Betacam was initially introduced as a camera line along with a docking companion VTR and a standalone video cassette player. The first cameras were the BVP-3, which utilized three Saticon tubes, the BVP-30, which utilized three Plumbicon tubes, and the BVP-1, which used a single tri-stripe SMF (Saticon Mixed Field) Trinicon tube. These three cameras could be operated standalone or with their docking companion VTR, the BVV-1 (quickly superseded by the BVV-1A), to form the BVW-1 (BVW-1A) integrated camcorder. Those decks were record-only. The only transport controls on the deck were eject and rewind. The docked camera's VTR button started and paused the tape recorder. Later, the Betacam SP docking decks had full transport controls (except a record button) but tapes could not be played back except in the camera's viewfinder in black-and-white only. Sony then came out with the playback adapter, the VA-500, a separate portable unit that connected via a multi-pin cable and had a composite video out jack for color playback. At first, color playback required the studio source deck, the BVW-10, which could not record, only play back. It was primarily designed as a feeder deck for A/B roll edit systems, usually for editing to a one-inch Type C or three-quarter-inch U-matic cassette edit master tape. There was also the BVW-20 field playback deck, which was a portable unit with DC power and a handle, that was used to verify color playback of tapes in the field. Unlike the BVW-10, it did not have a built-in time base corrector (TBC).
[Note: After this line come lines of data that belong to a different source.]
(* Let $G$ be the central product of normal subgroups $H,K$ ($G=HK$, $[H,K]=1$) with $H'\cap K'=1$, and let $D$ be a divisible abelian group with trivial action. Then the homomorphism $$\theta'=(\operatorname{res}^G_H,\operatorname{res}^G_K,\nu):\operatorname{H}^2(G,D)\to\operatorname{H}^2(H,D)\oplus\operatorname{H}^2(K,D)\oplus\operatorname{Hom}(H\otimes K,D)$$ is injective.
   Context: $X\otimes Y$ denotes the abelian tensor product $X/X'\otimes_{\mathbb{Z}}Y/Y'$. For $\xi\in\operatorname{H}^2(G,D)$ represented by a 2-cocycle $f$, $\nu(\xi)(hH'\otimes kK')=f(h,k)-f(k,h)$ for $h\in H$, $k\in K$. *)

theory Defs
  imports "HOL-Algebra.Algebra"
begin

text \<open>Inhomogeneous 2-cochains/cocycles/coboundaries of a group G with values in an
abelian group D (written multiplicatively in HOL-Algebra), with trivial action.\<close>

definition cocycle2 :: "('g, 'a) monoid_scheme \<Rightarrow> ('d, 'b) monoid_scheme \<Rightarrow> ('g \<Rightarrow> 'g \<Rightarrow> 'd) \<Rightarrow> bool" where
  "cocycle2 G D f \<longleftrightarrow>
     (\<forall>g\<in>carrier G. \<forall>h\<in>carrier G. f g h \<in> carrier D) \<and>
     (\<forall>g\<in>carrier G. \<forall>h\<in>carrier G. \<forall>k\<in>carrier G.
        f g h \<otimes>\<^bsub>D\<^esub> f (g \<otimes>\<^bsub>G\<^esub> h) k = f h k \<otimes>\<^bsub>D\<^esub> f g (h \<otimes>\<^bsub>G\<^esub> k))"

definition coboundary2 :: "('g, 'a) monoid_scheme \<Rightarrow> ('d, 'b) monoid_scheme \<Rightarrow> ('g \<Rightarrow> 'g \<Rightarrow> 'd) \<Rightarrow> bool" where
  "coboundary2 G D f \<longleftrightarrow>
     (\<exists>c. (\<forall>g\<in>carrier G. c g \<in> carrier D) \<and>
          (\<forall>g\<in>carrier G. \<forall>h\<in>carrier G.
             f g h = c h \<otimes>\<^bsub>D\<^esub> inv\<^bsub>D\<^esub> (c (g \<otimes>\<^bsub>G\<^esub> h)) \<otimes>\<^bsub>D\<^esub> c g))"

definition cohomologous2 :: "('g, 'a) monoid_scheme \<Rightarrow> ('d, 'b) monoid_scheme \<Rightarrow> ('g \<Rightarrow> 'g \<Rightarrow> 'd) \<Rightarrow> ('g \<Rightarrow> 'g \<Rightarrow> 'd) \<Rightarrow> bool" where
  "cohomologous2 G D f1 f2 \<longleftrightarrow> coboundary2 G D (\<lambda>g h. f1 g h \<otimes>\<^bsub>D\<^esub> inv\<^bsub>D\<^esub> (f2 g h))"

abbreviation restr_grp :: "('g, 'a) monoid_scheme \<Rightarrow> 'g set \<Rightarrow> ('g, 'a) monoid_scheme" where
  "restr_grp G S \<equiv> G\<lparr>carrier := S\<rparr>"

text \<open>Value of nu(f) on the generator hH' (x) kK' of H (x) K: f(h,k) - f(k,h).\<close>
definition nu_val :: "('g, 'a) monoid_scheme \<Rightarrow> ('d, 'b) monoid_scheme \<Rightarrow> ('g \<Rightarrow> 'g \<Rightarrow> 'd) \<Rightarrow> 'g \<Rightarrow> 'g \<Rightarrow> 'd" where
  "nu_val G D f h k = f h k \<otimes>\<^bsub>D\<^esub> inv\<^bsub>D\<^esub> (f k h)"

definition divisible_group :: "('d, 'b) monoid_scheme \<Rightarrow> bool" where
  "divisible_group D \<longleftrightarrow> (\<forall>x\<in>carrier D. \<forall>n::nat. n > 0 \<longrightarrow> (\<exists>y\<in>carrier D. y [^]\<^bsub>D\<^esub> n = x))"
With the popular success of the Betacam system as a news acquisition format, the line was soon extended to include the BVW-15 studio player and the BVW-40 studio edit recorder. The BVW-15 added dynamic tracking, which enabled clear still frame and jog playback, something the BVW-10 could not deliver. The BVW-40 enabled, for the first time, editing to a Betacam master, and if set up and wired correctly, true component video editing. It was also possible to do machine-to-machine editing between a BVW-10 or 15 and BVW-40 without an edit controller—a single serial cable between the units was all that was required to control the player from the recorder to perform simple assemble and insert editing. Additionally, there were two field models introduced, the BVW-25 field recorder, and the BVW-21 play-only portable field deck.

At its introduction, many insisted that Betacam remained inferior to the bulkier one-inch type C and B videotapes, the standard broadcast production formats of the late 1970s to mid-1990s. Additionally, the maximum record time for both the cameras and studio recorders was only half an hour, a severe limitation in television production. There was also the limitation that high-quality recording was only possible if the original component signals were available, as they were in a Betacam camcorder. If the recording started as composite video, re-converting it to component for recording and then eventually back to composite for broadcast caused a drop in quality compared to recording component video directly.

Ampex, Thomson SA, BTS each sold OEM versions of some of the Sony VTRs and camcorders at various times in the 1980s and 1990s. Other than nameplates, these models were identical to the Sony models. Internal components still bore the Sony name.

=== Betacam SP ===

Betacam SP (commonly referred to as Beta SP) was released in 1986 in Japan before being released internationally the following year. It increased horizontal resolution to 340 lines. While the quality improvement of the format itself was minor, the improvement to the VTRs was significant, particularly in quality and features. In addition to the existing cassette, a larger cassette (25.3 × 14.4 × 2.5 cm) was introduced with 90 minutes of recording time. Betacam SP (for Superior Performance) became the industry standard for most TV stations and high-end production houses until the late 1990s. Despite the format's age and its discontinuation in 2001, Betacam SP remained a common standard for standard-definition video post-production into the 2010s. The recording time is the same as for Betacam, 30 and 90 minutes for S and L, respectively. Tape speed is slightly slower in machines working in the 625/50 format, increasing tape duration by one minute for every five minutes of run time; a 90-minute tape will record 108 minutes of video in PAL.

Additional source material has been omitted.